*WORK INSTRUCTION:* Say how many lines in the following data hold the word "rightarrow". Write nothing but that number.

*DATA SECTION:*
lemma exists_pow_not_cong_1:
  assumes "prime p" "0 < m" "m < p - 1"
  shows "\<exists>g. 0 < g \<and> g < p \<and> \<not> int p dvd int g ^ m - 1"
proof (rule ccontr)
  assume "\<not> ?thesis"
  then have roots: "\<forall>u\<in>{1..<p}. int p dvd poly (monom 1 m - 1) (int u)"
    by (auto simp: poly_monom)
  have deg: "degree (monom (1::int) m - 1) < card {1..<p}"
    using degree_diff_le_max[of "monom (1::int) m" 1] degree_monom_le[of "1::int" m] assms
    by simp
  have "int p dvd coeff (monom 1 m - 1) m"
    by (rule prime_dvd_coeffs_if_many_roots[OF assms(1) _ _ deg roots]) auto
  then have "int p dvd 1" using assms(2) by simp
  then show False using assms by (simp add: prime_gt_1_nat)
qed

lemma bij_betw_mult_mod:
  fixes p g :: nat
  assumes "prime p" "0 < g" "g < p"
  shows "bij_betw (\<lambda>u. g * u mod p) {..<p} {..<p}"
proof -
  have g_coprime: "\<not> int p dvd int g" using assms eq_if_dvd_diff_less[of p g 0] by auto
  have "inj_on (\<lambda>u. g * u mod p) {..<p}"
  proof (rule inj_onI)
    fix u v assume "u \<in> {..<p}" "v \<in> {..<p}" and eq: "g * u mod p = g * v mod p"
    moreover from eq have "int p dvd int g * (int u - int v)"
      by (metis mod_eq_dvd_iff of_nat_mod of_nat_mult right_diff_distrib)
    then have "int p dvd int u - int v"
      using assms(1) g_coprime by (simp add: prime_dvd_mult_iff)
    ultimately show "u = v" using eq_if_dvd_diff_less by auto
  qed
  moreover have "(\<lambda>u. g * u mod p) ` {..<p} \<subseteq> {..<p}" using assms by auto
  ultimately show ?thesis by (simp add: bij_betw_def endo_inj_surj)
qed

lemma prime_dvd_power_sum:
  assumes "prime p" "m < p - 1"
  shows "int p dvd (\<Sum>u<p. int u ^ m)"
proof (cases "m = 0")
  case True then show ?thesis by simp
next
  case False
  obtain g where g: "0 < g" "g < p" "\<not> int p dvd int g ^ m - 1"
    using exists_pow_not_cong_1[OF assms(1) _ assms(2)] False by auto
  define S where "S = (\<Sum>u<p. int u ^ m)"
  \<comment> \<open>Multiplication by g permutes the residues, so S is congruent to g^m S with g^m not 1.\<close>
  have "S = (\<Sum>u<p. int (g * u mod p) ^ m)"
    unfolding S_def using sum.reindex_bij_betw[OF bij_betw_mult_mod[OF assms(1) g(1,2)], of "\<lambda>u. int u ^ m"]
    by simp
  then have "S mod int p = (\<Sum>u<p. (int g * int u) ^ m) mod int p"
    by (auto intro!: sum_mod_cong simp: of_nat_mod power_mod)
  also have "\<dots> = (int g ^ m * S) mod int p"
    by (simp add: S_def sum_distrib_left power_mult_distrib)
  finally have "int p dvd (int g ^ m - 1) * S"
    by (simp add: mod_eq_dvd_iff left_diff_distrib dvd_diff_commute)
  then show ?thesis using g assms(1) by (simp add: prime_dvd_mult_iff S_def)
qed

lemma RS_orthogonal:
  assumes "prime p" "l + r \<le> p"
  shows "int p dvd (\<Sum>u<p. int (ev p l c u) * int (ev p r d u))"
proof -
  define E where "E u = (\<Sum>i<l. int (c i) * int u ^ i)" for u
  define F where "F u = (\<Sum>j<r. int (d j) * int u ^ j)" for u
  have "(\<Sum>u<p. int (ev p l c u) * int (ev p r d u)) mod int p = (\<Sum>u<p. E u * F u) mod int p"
    by (rule sum_mod_cong) (simp add: int_ev poly_poly_of_vec E_def F_def mod_mult_eq)
  moreover have "(\<Sum>u<p. E u * F u)
      = (\<Sum>u<p. \<Sum>i<l. \<Sum>j<r. int (c i) * int (d j) * int u ^ (i + j))"
    unfolding E_def F_def sum_product by (intro sum.cong refl) (simp add: power_add mult_ac)
  also have "\<dots> = (\<Sum>i<l. \<Sum>j<r. \<Sum>u<p. int (c i) * int (d j) * int u ^ (i + j))"
    by (subst sum.swap) (intro sum.cong refl sum.swap)
  also have "\<dots> = (\<Sum>i<l. \<Sum>j<r. int (c i) * int (d j) * (\<Sum>u<p. int u ^ (i + j)))"
    by (simp add: sum_distrib_left)
  moreover have "int p dvd (\<Sum>i<l. \<Sum>j<r. int (c i) * int (d j) * (\<Sum>u<p. int u ^ (i + j)))"
    using assms by (intro dvd_sum dvd_mult prime_dvd_power_sum) auto
  ultimately show ?thesis by (simp add: dvd_eq_mod_eq_0)
qed

lemma vecs_eq_image_PiE: "vecs p S = restr S ` (S \<rightarrow>\<^sub>E {..<p})"
proof
  show "vecs p S \<subseteq> restr S ` (S \<rightarrow>\<^sub>E {..<p})"
  proof
    fix x assume x: "x \<in> vecs p S"
    then have "x = restr S (restrict x S)" unfolding vecs_def restr_def by auto
    moreover have "restrict x S \<in> S \<rightarrow>\<^sub>E {..<p}" using x unfolding vecs_def by auto
    ultimately show "x \<in> restr S ` (S \<rightarrow>\<^sub>E {..<p})" by blast
  qed
qed (auto simp: vecs_def restr_def PiE_iff)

*WRITTEN ANSWER:* 4